##### Data shown

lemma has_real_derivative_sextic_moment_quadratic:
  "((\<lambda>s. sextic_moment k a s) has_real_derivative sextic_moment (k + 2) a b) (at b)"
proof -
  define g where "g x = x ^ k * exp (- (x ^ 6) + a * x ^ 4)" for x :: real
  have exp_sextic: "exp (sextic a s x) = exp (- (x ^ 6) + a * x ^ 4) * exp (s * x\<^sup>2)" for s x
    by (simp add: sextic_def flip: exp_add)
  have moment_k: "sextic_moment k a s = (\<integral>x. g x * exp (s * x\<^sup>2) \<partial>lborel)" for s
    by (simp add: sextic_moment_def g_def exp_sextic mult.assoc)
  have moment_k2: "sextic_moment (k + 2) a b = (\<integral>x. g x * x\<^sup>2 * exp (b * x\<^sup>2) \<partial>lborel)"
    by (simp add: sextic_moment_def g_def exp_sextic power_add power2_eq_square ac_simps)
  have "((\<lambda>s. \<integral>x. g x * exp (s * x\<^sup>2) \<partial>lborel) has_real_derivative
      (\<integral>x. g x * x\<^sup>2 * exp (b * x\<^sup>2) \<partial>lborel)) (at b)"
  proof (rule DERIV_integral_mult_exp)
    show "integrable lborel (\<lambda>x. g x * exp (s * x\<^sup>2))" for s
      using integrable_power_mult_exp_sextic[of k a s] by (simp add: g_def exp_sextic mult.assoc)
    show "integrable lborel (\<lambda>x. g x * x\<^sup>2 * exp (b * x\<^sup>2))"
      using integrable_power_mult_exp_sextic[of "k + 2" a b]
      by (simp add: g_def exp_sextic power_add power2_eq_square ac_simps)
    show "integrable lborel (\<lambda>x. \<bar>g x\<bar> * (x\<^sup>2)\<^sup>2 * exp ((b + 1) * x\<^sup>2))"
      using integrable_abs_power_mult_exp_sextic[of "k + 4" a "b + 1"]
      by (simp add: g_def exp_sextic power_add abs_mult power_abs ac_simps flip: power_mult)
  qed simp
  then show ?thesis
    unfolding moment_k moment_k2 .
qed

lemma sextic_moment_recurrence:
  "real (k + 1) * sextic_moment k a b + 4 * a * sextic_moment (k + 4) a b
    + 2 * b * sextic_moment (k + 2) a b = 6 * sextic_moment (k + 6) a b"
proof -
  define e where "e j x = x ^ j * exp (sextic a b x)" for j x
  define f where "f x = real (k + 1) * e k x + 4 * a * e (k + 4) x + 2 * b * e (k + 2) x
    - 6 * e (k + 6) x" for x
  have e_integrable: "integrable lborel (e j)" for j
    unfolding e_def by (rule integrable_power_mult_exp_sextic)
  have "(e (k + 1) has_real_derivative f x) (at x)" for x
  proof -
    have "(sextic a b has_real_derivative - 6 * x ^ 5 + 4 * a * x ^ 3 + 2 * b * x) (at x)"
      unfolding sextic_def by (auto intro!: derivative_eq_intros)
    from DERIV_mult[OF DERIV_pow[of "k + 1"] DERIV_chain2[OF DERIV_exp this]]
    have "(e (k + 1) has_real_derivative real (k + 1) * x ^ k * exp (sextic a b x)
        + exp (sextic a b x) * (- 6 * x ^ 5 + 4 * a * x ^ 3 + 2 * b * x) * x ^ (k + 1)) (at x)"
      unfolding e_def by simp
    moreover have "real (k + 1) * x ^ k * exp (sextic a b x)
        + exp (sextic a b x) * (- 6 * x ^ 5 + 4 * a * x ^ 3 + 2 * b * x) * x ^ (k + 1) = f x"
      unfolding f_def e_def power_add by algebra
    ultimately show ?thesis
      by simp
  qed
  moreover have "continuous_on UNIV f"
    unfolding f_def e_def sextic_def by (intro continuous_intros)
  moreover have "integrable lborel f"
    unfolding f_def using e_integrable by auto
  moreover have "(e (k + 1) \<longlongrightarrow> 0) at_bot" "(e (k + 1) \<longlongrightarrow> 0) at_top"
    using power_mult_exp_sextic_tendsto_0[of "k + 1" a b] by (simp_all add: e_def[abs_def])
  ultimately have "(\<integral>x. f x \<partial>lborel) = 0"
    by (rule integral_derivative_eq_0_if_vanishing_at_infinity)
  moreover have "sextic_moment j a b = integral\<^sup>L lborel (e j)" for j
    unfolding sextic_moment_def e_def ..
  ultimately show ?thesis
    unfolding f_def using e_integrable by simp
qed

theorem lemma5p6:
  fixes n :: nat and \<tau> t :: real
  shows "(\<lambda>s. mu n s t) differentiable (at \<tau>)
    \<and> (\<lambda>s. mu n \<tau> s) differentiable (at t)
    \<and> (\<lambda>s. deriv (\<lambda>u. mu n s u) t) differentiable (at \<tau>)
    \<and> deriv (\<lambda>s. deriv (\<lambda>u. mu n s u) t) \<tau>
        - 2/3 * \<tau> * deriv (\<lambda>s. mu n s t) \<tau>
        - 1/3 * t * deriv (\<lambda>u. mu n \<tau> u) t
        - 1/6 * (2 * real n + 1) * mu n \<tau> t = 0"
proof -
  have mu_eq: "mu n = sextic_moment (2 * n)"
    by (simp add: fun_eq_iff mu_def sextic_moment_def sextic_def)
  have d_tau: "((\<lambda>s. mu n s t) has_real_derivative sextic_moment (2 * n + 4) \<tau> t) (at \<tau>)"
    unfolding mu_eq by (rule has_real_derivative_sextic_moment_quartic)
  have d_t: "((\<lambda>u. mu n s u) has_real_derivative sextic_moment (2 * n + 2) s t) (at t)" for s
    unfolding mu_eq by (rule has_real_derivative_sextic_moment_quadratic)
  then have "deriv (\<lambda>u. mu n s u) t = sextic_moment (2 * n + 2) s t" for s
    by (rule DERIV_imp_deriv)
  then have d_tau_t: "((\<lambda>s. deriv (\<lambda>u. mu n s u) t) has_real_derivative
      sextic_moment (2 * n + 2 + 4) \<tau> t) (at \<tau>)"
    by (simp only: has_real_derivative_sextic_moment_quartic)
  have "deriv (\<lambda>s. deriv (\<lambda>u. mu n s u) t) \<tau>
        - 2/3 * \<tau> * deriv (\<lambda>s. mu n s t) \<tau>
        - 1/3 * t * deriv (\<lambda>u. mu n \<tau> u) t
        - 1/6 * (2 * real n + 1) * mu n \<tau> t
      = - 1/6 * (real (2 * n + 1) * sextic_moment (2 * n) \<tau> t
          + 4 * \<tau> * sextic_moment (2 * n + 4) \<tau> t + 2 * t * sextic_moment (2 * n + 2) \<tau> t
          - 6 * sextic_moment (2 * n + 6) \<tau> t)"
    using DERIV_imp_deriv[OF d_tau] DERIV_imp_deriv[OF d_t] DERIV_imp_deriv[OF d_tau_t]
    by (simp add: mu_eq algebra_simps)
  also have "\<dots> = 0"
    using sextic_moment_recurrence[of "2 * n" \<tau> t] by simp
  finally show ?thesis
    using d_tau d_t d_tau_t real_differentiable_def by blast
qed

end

##########

Activity.
The expected reply is a number only, the tally of lines in the data where the word "flip" is found.

The completed task.
2